Referring now to the figures where like numerals designate like elements among the several views, FIGS. 1A and 1B show the top and underside, respectively, of a conventional ball grid array (BGA) packaged memory device 1 which includes solder balls 5 for electrical communication of signals and power into and out of the BGA package. Conventional BGA memory packages in fine grid array or micro grid array are readily available from a variety of commercial sources such as MICRON TECHNOLOGIES, INC. or SAMSUNG CORP.

FIG. 2 illustrates an interposer board 10 made of a dielectric material such as BT Resin from Mitsubishi and includes conductive traces 15. Conductive traces 15 include solder ball pads 20 for the receiving of solder balls 5. Conductive traces lead to and terminate at an access edge 25 on the interposer board to form access leads 30.

Conductive traces made of copper or other conductive material are formed on the interposer board in a manner similar to that used in printed circuit board manufacturing. The conductive traces are patterned on the interposer board using conventional photolithography techniques so as to form solder ball pads 20 for the receiving and electrical connection of solder balls 5. The interposer board may include a single layer of conductive traces 15 or, in an alternative embodiment, multiple layers of conductive traces (not shown).

To assemble the device, solder balls 5 of BGA package 1 are aligned and electrically connected to solder ball pads 20 as is shown in FIG. 3. An alternative embodiment includes the use of fine grid BGA packages or even bare die that include ball bonds or that are adapted to be received by the solder ball pads. The BGA package and interposer board are then reflow-soldered using conventional reflow solder techniques. While the solder balls will self-align with the solder ball pads during solder reflow, reflow process controls are critical during soldering, particularly when utilizing fine pitch ball grid array packages. Solder reflow process controls such as those set forth in “MICRON TECHNOLOGY INC. Technical Note TN-00-11 SMT BGA Assembly Design Recommendations” provide guidance for BGA reflow solder processes.
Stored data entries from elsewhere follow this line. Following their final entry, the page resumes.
(* Let $1\le n\le N$, $E\in\mathbb R$, $\mathcal J\in\mathbb N$, let $\tilde C(n)>0$ be a constant depending only on $n$, let $l,L\ge1$ and let $\Lambda^{(n)}_L(\mathbf u)$ be an $n$-particle cube. Assume there exist $\mathcal J$ cubes $\Lambda^{(n)}_{\tilde C(n)l}(\mathbf k^{(1)}),\dots,\Lambda^{(n)}_{\tilde C(n)l}(\mathbf k^{(\mathcal J)})$ such that for every $\mathbf v\in\mathbb Z^{nd}$ not belonging to any of these cubes, $\Lambda^{(n)}_l(\mathbf v)$ is $(E,\tfrac12)$-NS. Then, if $l>2\tilde C(n)$, the cube $\Lambda^{(n)}_L(\mathbf u)$ can be decomposed into two disjoint subsets $\Lambda^{(n)}_L(\mathbf u)=B\cup G$ such that $B=\bigcup_j\Omega_j$ is a finite union with $\operatorname{diam}(\Omega_j)\le(2\mathcal J+1)l^2$ for each $j$ and $\operatorname{dist}(\Omega_j,\Omega_{j'})\ge l^2$ for $j\ne j'$, and for every $\mathbf v\in G$ the cube $\Lambda^{(n)}_l(\mathbf v)$ is $(E,\tfrac12)$-NS.
   Context: Points of $\mathbb Z^{nd}$ are $\mathbf x=(x_1,\dots,x_n)$, $x_j\in\mathbb Z^d$, $\|x_j\|=\max_i|x_j^{(i)}|$, $\|\mathbf x\|=\max_j\|x_j\|$, $\langle\mathbf x\rangle=\max\{1,\|\mathbf x\|\}$; distances and diameters are taken in this max norm. Cubes $\Lambda^{(n)}_L(\mathbf u)=\{\mathbf x\in\mathbb Z^{nd}:\|\mathbf x-\mathbf u\|\le L\}$. The $n$-particle operator is $\mathbf H^{(n)}=\frac1g(\mathbf T+\mathbf U)+\mathbf V$ on $\ell^2(\mathbb Z^{nd})$ ($g\ne0$, $r>0$): $\mathbf T(\mathbf x,\mathbf y)=\langle y_j-x_j\rangle^{-r}$ if there is $j$ with $x_i=y_i$ for all $i\ne j$, else $0$; $\mathbf U(\mathbf x)=\sum_{j_1<j_2}U(x_{j_1},x_{j_2})$ with $U$ bounded symmetric, vanishing when $\|x-x'\|\ge\mathrm r_0$; $\mathbf V(\mathbf x)=\sum_jV(x_j)$ with real $V(x)$. $\mathbf H^{(n)}_\Lambda$ is the restriction to $\Lambda$ and $\mathbf G^{(n)}_\Lambda(E)=(\mathbf H^{(n)}_\Lambda-E)^{-1}$. Sobolev norm of a matrix $\mathcal M$ on $X\times Y$: $\|\mathcal M\|_s^2=C_0\sum_{\mathbf v\in X-Y}(\sup_{\mathbf x-\mathbf y=\mathbf v}|\mathcal M(\mathbf x,\mathbf y)|)^2\langle\mathbf v\rangle^{2s}$, $C_0=C_0(s_0^{(n)})>0$ fixed. With parameters $\tau_n\ge0$, $nd/2<s_0^{(n)}\le r_n<r-nd/2$, a cube $\Lambda^{(n)}_l(\mathbf v)$ is $(E,\tfrac12)$-NS if $\mathbf G^{(n)}_{\Lambda^{(n)}_l(\mathbf v)}(E)$ exists and $\|\mathbf G^{(n)}_{\Lambda^{(n)}_l(\mathbf v)}(E)\|_s\le l^{\tau_n+s/2}$ for all $s\in[s_0^{(n)},r_n]$. *)

theory Defs
  imports "HOL-Analysis.Analysis"
begin

text \<open>Points of Z^{nd}: x = (x_1,...,x_n), x_j in Z^d, encoded as (int^'d)^'n,
  with n = CARD('n), d = CARD('d).\<close>

type_synonym ('d,'n) pt = "((int, 'd) vec, 'n) vec"

definition onorm :: "int ^ 'd \<Rightarrow> real" where
  "onorm y = of_int (Max (range (\<lambda>i. \<bar>y $ i\<bar>)))"

definition mnorm :: "('d::finite,'n::finite) pt \<Rightarrow> real" where
  "mnorm x = Max (range (\<lambda>j. onorm (x $ j)))"

definition obr :: "int ^ 'd \<Rightarrow> real" where
  "obr y = max 1 (onorm y)"

definition mbr :: "('d::finite,'n::finite) pt \<Rightarrow> real" where
  "mbr x = max 1 (mnorm x)"

definition pdist :: "('d::finite,'n::finite) pt \<Rightarrow> ('d,'n) pt \<Rightarrow> real" where
  "pdist x y = mnorm (x - y)"

definition cube :: "real \<Rightarrow> ('d::finite,'n::finite) pt \<Rightarrow> ('d,'n) pt set" where
  "cube L u = {x. pdist x u \<le> L}"

definition sdiam :: "('d::finite,'n::finite) pt set \<Rightarrow> real" where
  "sdiam A = (SUP p\<in>A \<times> A. pdist (fst p) (snd p))"

definition sdist :: "('d::finite,'n::finite) pt set \<Rightarrow> ('d,'n) pt set \<Rightarrow> real" where
  "sdist A B = (INF p\<in>A \<times> B. pdist (fst p) (snd p))"

definition Tker :: "real \<Rightarrow> ('d::finite,'n::finite) pt \<Rightarrow> ('d,'n) pt \<Rightarrow> real" where
  "Tker r x y = (if (\<exists>j. \<forall>i. i \<noteq> j \<longrightarrow> x $ i = y $ i)
      then (let j = (SOME j. \<forall>i. i \<noteq> j \<longrightarrow> x $ i = y $ i) in obr (y $ j - x $ j) powr (- r))
      else 0)"

definition Upot :: "(int ^ 'd \<Rightarrow> int ^ 'd \<Rightarrow> real) \<Rightarrow> ('d::finite,'n::{finite,linorder}) pt \<Rightarrow> real" where
  "Upot U x = (\<Sum>j1\<in>UNIV. \<Sum>j2\<in>{j. j1 < j}. U (x $ j1) (x $ j2))"

definition Vpot :: "(int ^ 'd \<Rightarrow> real) \<Rightarrow> ('d::finite,'n::finite) pt \<Rightarrow> real" where
  "Vpot V x = (\<Sum>j\<in>UNIV. V (x $ j))"

definition Hmat :: "real \<Rightarrow> real \<Rightarrow> (int ^ 'd \<Rightarrow> int ^ 'd \<Rightarrow> real) \<Rightarrow> (int ^ 'd \<Rightarrow> real)
    \<Rightarrow> ('d::finite,'n::{finite,linorder}) pt \<Rightarrow> ('d,'n) pt \<Rightarrow> real" where
  "Hmat g r U V x y = (1 / g) * (Tker r x y + (if x = y then Upot U x else 0))
      + (if x = y then Vpot V x else 0)"

definition is_green :: "(('d::finite,'n::finite) pt \<Rightarrow> ('d,'n) pt \<Rightarrow> real) \<Rightarrow> ('d,'n) pt set \<Rightarrow> real
    \<Rightarrow> (('d,'n) pt \<Rightarrow> ('d,'n) pt \<Rightarrow> real) \<Rightarrow> bool" where
  "is_green H Lam E G \<longleftrightarrow>
     (\<forall>x\<in>Lam. \<forall>y\<in>Lam. (\<Sum>z\<in>Lam. (H x z - (if x = z then E else 0)) * G z y) = (if x = y then 1 else 0))
   \<and> (\<forall>x\<in>Lam. \<forall>y\<in>Lam. (\<Sum>z\<in>Lam. G x z * (H z y - (if z = y then E else 0))) = (if x = y then 1 else 0))"

definition green_exists :: "(('d::finite,'n::finite) pt \<Rightarrow> ('d,'n) pt \<Rightarrow> real) \<Rightarrow> ('d,'n) pt set \<Rightarrow> real \<Rightarrow> bool" where
  "green_exists H Lam E \<longleftrightarrow> (\<exists>G. is_green H Lam E G)"

definition green :: "(('d::finite,'n::finite) pt \<Rightarrow> ('d,'n) pt \<Rightarrow> real) \<Rightarrow> ('d,'n) pt set \<Rightarrow> real
    \<Rightarrow> ('d,'n) pt \<Rightarrow> ('d,'n) pt \<Rightarrow> real" where
  "green H Lam E = (\<lambda>x y. if x \<in> Lam \<and> y \<in> Lam then (SOME G. is_green H Lam E G) x y else 0)"

definition sobnorm :: "real \<Rightarrow> real \<Rightarrow> ('d::finite,'n::finite) pt set \<Rightarrow> ('d,'n) pt set
    \<Rightarrow> (('d,'n) pt \<Rightarrow> ('d,'n) pt \<Rightarrow> real) \<Rightarrow> real" where
  "sobnorm C0 s X Y M = sqrt (C0 * (\<Sum>v\<in>{x - y | x y. x \<in> X \<and> y \<in> Y}.
      (SUP p\<in>{(x, y). x \<in> X \<and> y \<in> Y \<and> x - y = v}. \<bar>M (fst p) (snd p)\<bar>)\<^sup>2 * mbr v powr (2 * s)))"

definition NS :: "real \<Rightarrow> real \<Rightarrow> (int ^ 'd \<Rightarrow> int ^ 'd \<Rightarrow> real) \<Rightarrow> (int ^ 'd \<Rightarrow> real)
    \<Rightarrow> real \<Rightarrow> real \<Rightarrow> real \<Rightarrow> real \<Rightarrow> real \<Rightarrow> real \<Rightarrow> ('d::finite,'n::{finite,linorder}) pt \<Rightarrow> bool" where
  "NS g r U V C0 tau s0 rn E l v \<longleftrightarrow>
     green_exists (Hmat g r U V) (cube l v) E \<and>
     (\<forall>s. s0 \<le> s \<and> s \<le> rn \<longrightarrow>
        sobnorm C0 s (cube l v) (cube l v) (green (Hmat g r U V) (cube l v) E) \<le> l powr (tau + s / 2))"

end

theory Submission
  imports Defs "HOL-Library.Transitive_Closure_Table"
begin

text \<open>Only the geometry of the bad region matters. Each of the \<open>J\<close> bad cubes
  meets \<open>\<Lambda>\<^sub>L(u)\<close> in a set of diameter at most \<open>2 C l \<le> l\<^sup>2\<close>. Group these sets into the
  connected components of the relation ``at distance \<open>< l\<^sup>2\<close>''. Distinct components are
  \<open>l\<^sup>2\<close>-separated by construction, and any two points of one component are joined by a chain
  through at most \<open>J\<close> of the sets, each link costing at most \<open>l\<^sup>2\<close>, whence the diameter bound.
  Every centre outside the components lies outside all bad cubes, so its cube is NS.\<close>

lemma onorm_attained: "\<exists>i. onorm y = of_int \<bar>y $ i\<bar>"
proof -
  have "Max (range (\<lambda>i. \<bar>y $ i\<bar>)) \<in> range (\<lambda>i. \<bar>y $ i\<bar>)"
    by (rule Max_in) auto
  then show ?thesis unfolding onorm_def by (metis rangeE)
qed

lemma abs_component_le_onorm: "of_int \<bar>y $ i\<bar> \<le> onorm y"
proof -
  have "\<bar>y $ i\<bar> \<le> Max (range (\<lambda>i. \<bar>y $ i\<bar>))"
    by (rule Max_ge) auto
  then show ?thesis unfolding onorm_def by linarith
qed

lemma onorm_add_le: "onorm (a + b) \<le> onorm a + onorm b"
proof -
  obtain i where "onorm (a + b) = of_int \<bar>a $ i + b $ i\<bar>"
    using onorm_attained[of "a + b"] by auto
  also have "\<dots> \<le> of_int \<bar>a $ i\<bar> + of_int \<bar>b $ i\<bar>"
    by linarith
  also have "\<dots> \<le> onorm a + onorm b"
    using abs_component_le_onorm[of a i] abs_component_le_onorm[of b i] by linarith
  finally show ?thesis .
qed

lemma onorm_uminus: "onorm (- a) = onorm a"
  unfolding onorm_def by simp

lemma mnorm_attained: "\<exists>j. mnorm x = onorm (x $ j)"
proof -
  have "Max (range (\<lambda>j. onorm (x $ j))) \<in> range (\<lambda>j. onorm (x $ j))"
    by (rule Max_in) auto
  then show ?thesis unfolding mnorm_def by (metis rangeE)
qed

lemma onorm_component_le_mnorm: "onorm (x $ j) \<le> mnorm x"
  unfolding mnorm_def by (simp add: Max_ge)

lemma mnorm_add_le: "mnorm (a + b) \<le> mnorm a + mnorm b"
proof -
  obtain j where "mnorm (a + b) = onorm (a $ j + b $ j)"
    using mnorm_attained[of "a + b"] by auto
  also have "\<dots> \<le> onorm (a $ j) + onorm (b $ j)"
    by (rule onorm_add_le)
  also have "\<dots> \<le> mnorm a + mnorm b"
    using onorm_component_le_mnorm[of a j] onorm_component_le_mnorm[of b j] by linarith
  finally show ?thesis .
qed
Upon completion of the reflow process, a stackable BGA layer 35 is formed as is illustrated in FIG. 4. The layer is then preferably under-filled with a suitable under-fill material 36 such as EPOTEK U-300 to provide structural stability and to minimize temperature-related stresses due to CTE mismatch of the interposer board and BGA package. It is preferable to provide sufficient under-fill so as to extend slightly beyond the edge of the BGA package and interposer board as the under-fill eliminates voids along the access edge 25 which will be utilized as discussed further below.

Turning now to FIG. 5, multiple layers 35 may be bonded together using a suitable adhesive or epoxy 37 such as EPOTEK 353 to form a three-dimensional stack 40 of layers 35, forming at least one access plane 45.

Mechanical assembly of multiple layers consists generally of aligning two or more layers 35 in a suitable fixture and bonding together using the appropriate adhesive. After the adhesive has cured, the sides of stack 40 that include access leads 30, i.e., access plane 45, are ground and lapped to expose the access leads as is illustrated in FIG. 6.

FIG. 7 shows how access leads 30 may be rerouted between layers as desired by using conventional photolithography and plating techniques to create conductive interconnecting traces 50. Alternatively, the entire access plane 45 may be metalized or coated with conductive material and the desired access leads isolated or interconnected by selectively removing conductive material using laser ablation, saw-cutting, etching or similar process. It is important that access plane be very planar with no voids to ensure the integrity of the layer interconnects. The stack is preferably encapsulated with a suitable encapsulant to protect interconnecting traces 50.

In this manner a high capacity, multi-layer module is provided that is low cost and which is readily received into existing BGA footprints.

From the foregoing description, it will be apparent the apparatus and method disclosed in this application will provide the significant functional benefits summarized in the introductory portion of the specification.

The following claims are intended not only to cover the specific embodiments disclosed, but also to cover the inventive concepts explained herein with the maximum breadth and comprehensiveness permitted by the prior art.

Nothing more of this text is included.